Generative adversarial network
As a final experiment, the study uses the work of two architects, Piet Blom and Theo van Doesburg, to train a generative adversarial network. Two neural networks are played off against each other. One network tries to recognise the work of a particular architect optimally, and the other tries to produce an image from scratch that resembles the work of the architect in question. At first, this does not work; the images are random, and the recognition algorithm rejects them. After a while, however, it is better able to generate an image that, for example, can pass as a drawing by Van Doesburg, even though it is not. The outcome is visually interesting and raises all kinds of defining questions.
Who is the author of this image? Is it a new work by the algorithm or the architect, or is it a visual summary of his work?

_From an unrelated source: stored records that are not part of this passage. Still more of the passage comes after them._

lemma remove_insert_leaf:
  "u \<in> set (insert_leaf x t) \<Longrightarrow> x \<notin> set (leaves t) \<Longrightarrow> remove_leaf x u = t"
proof (induction x t arbitrary: u rule: insert_leaf.induct)
  case (2 x l r)
  then show ?case
    using insert_leaf_set_leaves[of _ x l] insert_leaf_set_leaves[of _ x r]
      insert_leaf_not_Leaf[of _ x l] insert_leaf_not_Leaf[of _ x r]
    by auto
qed auto

lemma insert_remove_leaf:
  "distinct (leaves u) \<Longrightarrow> x \<in> set (leaves u) \<Longrightarrow> u \<noteq> Leaf x \<Longrightarrow>
   u \<in> set (insert_leaf x (remove_leaf x u))"
proof (induction u)
  case (Leaf y)
  then show ?case by auto
next
  case (Node l r)
  consider "l = Leaf x" | "r = Leaf x" | "l \<noteq> Leaf x" "r \<noteq> Leaf x" "x \<in> set (leaves l)"
    | "l \<noteq> Leaf x" "r \<noteq> Leaf x" "x \<in> set (leaves r)" "x \<notin> set (leaves l)"
    using Node.prems(2) by auto
  then show ?case
  proof cases
    case 1
    then show ?thesis by (cases r) auto
  next
    case 2
    then show ?thesis using Node.prems by (cases l) auto
  next
    case 3
    then have "l \<in> set (insert_leaf x (remove_leaf x l))"
      using Node by auto
    then show ?thesis using 3 by (cases "remove_leaf x l") auto
  next
    case 4
    then have "r \<in> set (insert_leaf x (remove_leaf x r))"
      using Node by auto
    then show ?thesis using 4 by (cases "remove_leaf x r") auto
  qed
qed

text \<open>A tree with k leaves has 2k-1 nodes, so a leaf can be inserted in 4k-2 ways,
  and all of them are different.\<close>

lemma length_insert_leaf: "length (insert_leaf x t) = 4 * length (leaves t) - 2"
proof (induction x t rule: insert_leaf.induct)
  case (2 x l r)
  then show ?case using length_leaves_pos[of l] length_leaves_pos[of r] by simp
qed simp

lemma distinct_insert_leaf: "x \<notin> set (leaves t) \<Longrightarrow> distinct (insert_leaf x t)"
proof (induction x t rule: insert_leaf.induct)
  case (1 x j)
  then show ?case by auto
next
  case (2 x l r)
  have "(\<lambda>l'. Node l' r) ` set (insert_leaf x l) \<inter> (\<lambda>r'. Node l r') ` set (insert_leaf x r) = {}"
    using 2(3) insert_leaf_set_leaves[of _ x l] by auto
  then show ?case
    using 2 insert_leaf_not_Leaf[of _ x l] insert_leaf_not_Leaf[of _ x r]
    by (auto simp: distinct_map inj_on_def)
qed

lemma sum_list_map_plus_const: "(\<Sum>x\<leftarrow>xs. f x + c) = (\<Sum>x\<leftarrow>xs. f x) + length xs * (c::nat)"
  by (simp add: sum_list_addf sum_list_triv)

text \<open>Inserting the new leaf above a node of depth d with m leaves below it adds d + m + 1 to
  the path length (the new leaf gets depth d + 1 and the m leaves move one level down).
  Summed over all 4k-2 insertions into a tree with k leaves and path length P this gives
  (4k-2) P + 6 P + 2k + 2.\<close>

lemma sum_path_length_insert_leaf:
  "(\<Sum>u\<leftarrow>insert_leaf x t. path_length u)
     = 4 * (length (leaves t) + 1) * path_length t + 2 * (length (leaves t) + 1)"
proof (induction x t rule: insert_leaf.induct)
  case (1 x j)
  then show ?case by simp
next
  case (2 x l r)
  define a where "a = length (leaves l)"
  define b where "b = length (leaves r)"
  have left: "(\<Sum>u\<leftarrow>map (\<lambda>l'. Node l' r) (insert_leaf x l). path_length u)
     = (\<Sum>u\<leftarrow>insert_leaf x l. path_length u)
       + length (insert_leaf x l) * (path_length r + a + 1 + b)"
    unfolding sum_list_map_plus_const[symmetric]
    by (intro arg_cong[where f=sum_list]) (auto simp: insert_leaf_length_leaves a_def b_def)
  have right: "(\<Sum>u\<leftarrow>map (\<lambda>r'. Node l r') (insert_leaf x r). path_length u)
     = (\<Sum>u\<leftarrow>insert_leaf x r. path_length u)
       + length (insert_leaf x r) * (path_length l + a + 1 + b)"
    unfolding sum_list_map_plus_const[symmetric]
    by (intro arg_cong[where f=sum_list]) (auto simp: insert_leaf_length_leaves a_def b_def)
  obtain a' b' where "a = Suc a'" "b = Suc b'"
    using length_leaves_pos[of l] length_leaves_pos[of r] a_def b_def
    by (metis Suc_le_D One_nat_def)
  then show ?case
    using left right 2 length_insert_leaf[of x l] length_insert_leaf[of x r]
    by (simp add: a_def[symmetric] b_def[symmetric] algebra_simps)
qed

section \<open>Counting ordered trees and their path lengths\<close>

lemma labelled_trees_1: "labelled_trees (Suc 0) = {Leaf 1}"
proof
  show "labelled_trees (Suc 0) \<subseteq> {Leaf 1}"
  proof
    fix t assume t: "t \<in> labelled_trees (Suc 0)"
    then obtain j where j: "leaves t = [j]"
      using labelled_trees_length[OF t] by (cases "leaves t") auto
    then have "t = Leaf j"
      by (cases t) (auto simp: append_eq_Cons_conv leaves_not_Nil)
    then show "t \<in> {Leaf 1}"
      using t j by (auto simp: labelled_trees_def)
  qed
qed (auto simp: labelled_trees_def)

lemma labelled_trees_Suc:
  assumes "n \<ge> 1"
  shows "labelled_trees (Suc n) = (\<Union>t\<in>labelled_trees n. set (insert_leaf (Suc n) t))"
proof
  show "(\<Union>t\<in>labelled_trees n. set (insert_leaf (Suc n) t)) \<subseteq> labelled_trees (Suc n)"
    using insert_leaf_set_leaves insert_leaf_distinct_leaves
    by (fastforce simp: labelled_trees_def)
next
  show "labelled_trees (Suc n) \<subseteq> (\<Union>t\<in>labelled_trees n. set (insert_leaf (Suc n) t))"
  proof
    fix u assume u: "u \<in> labelled_trees (Suc n)"
    define t where "t = remove_leaf (Suc n) u"
    have u_leaves: "length (leaves u) = Suc n" "distinct (leaves u)" "set (leaves u) = {1..Suc n}"
      using u labelled_trees_length[OF u] by (auto simp: labelled_trees_def)
    then have ut: "u \<in> set (insert_leaf (Suc n) t)"
      unfolding t_def using assms by (intro insert_remove_leaf) auto
    have t_set: "insert (Suc n) (set (leaves t)) = {1..Suc n}"
      and t_length: "length (leaves t) = n"
      using insert_leaf_set_leaves[OF ut] insert_leaf_length_leaves[OF ut] u_leaves by auto
    have "Suc n \<notin> set (leaves t)"
    proof
      assume "Suc n \<in> set (leaves t)"
      then have "card (set (leaves t)) = Suc n"
        using t_set by (simp add: insert_absorb)
      then show False
        using card_length[of "leaves t"] t_length by simp
    qed
    then have "set (leaves t) = {1..Suc n} - {Suc n}"
      using t_set by (metis Diff_insert_absorb)
    then have "set (leaves t) = {1..n}"
      by (simp add: atLeastAtMostSuc_conv)
    then have "t \<in> labelled_trees n"
      using t_length by (simp add: labelled_trees_def card_distinct)
    then show "u \<in> (\<Union>t\<in>labelled_trees n. set (insert_leaf (Suc n) t))"
      using ut by auto
  qed
qed

lemma insert_leaf_disjoint:
  assumes "t1 \<in> labelled_trees n" "t2 \<in> labelled_trees n" "t1 \<noteq> t2"
  shows "set (insert_leaf (Suc n) t1) \<inter> set (insert_leaf (Suc n) t2) = {}"
  using assms remove_insert_leaf[of _ "Suc n" t1] remove_insert_leaf[of _ "Suc n" t2]
  by (auto simp: labelled_trees_def)

lemma finite_labelled_trees: "n \<ge> 1 \<Longrightarrow> finite (labelled_trees n)"
proof (induction n rule: dec_induct)
  case base
  then show ?case by (simp add: labelled_trees_1)
next
  case (step n)
  then show ?case by (simp add: labelled_trees_Suc)
qed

The term artificial intelligence is called into question. Is it not better to talk about supplementary intelligence? Is artificial intelligence a false promise? What is its intelligence? Does it have a genuine understanding?
The techniques used in this study all use pattern recognition. Large amounts of information can train a neural network in such a way that it becomes statistically increasingly likely that it can accurately recognise an image.
Although this is more akin to Pavlovian reaction than intelligence and is not a question of understanding, it does, however, lead to useful applications. Moreover, it offers ample scope for further research.
One example is the possibility of determining a building’s architect based on a photographic image.
To a computer scientist, it comes as no surprise that the training model determines what an AI can recognise. Nevertheless, it makes sense to make this visible and insightful in public applications. How does an algorithm see, and how is it trained? To what extent does it accommodate uncertainty when classifying? Variables that can lead to very different outcomes. Variables that a user can select. This would make an AI less of a black box and more of a tool. It would help demystify the relationship between man and machine. Visualising intermediate steps, such as class activation maps, could also be useful.
A generative adversarial network may seem to generate a new design by Van Doesburg, but what is the significance of this? Is it actually a new work? Who is the author? Who is the copyright holder? Again, it would be a misconception to attribute a creative power to the algorithm. It could be regarded as an attempt to make variations on the architect’s work by distilling an essence.
Artificial intelligence will play a role in how the public experiences the archive of the future. Whether this is in the form of an oracle or a tool is a question of design.
Neural networks are intrinsically stratified and diffuse. A user-friendly interface carries the risk of mystifying the technology and placing the user in a passive role. AI as a tool requires more effort on the part of the user, because it places them in a more active and intelligent role.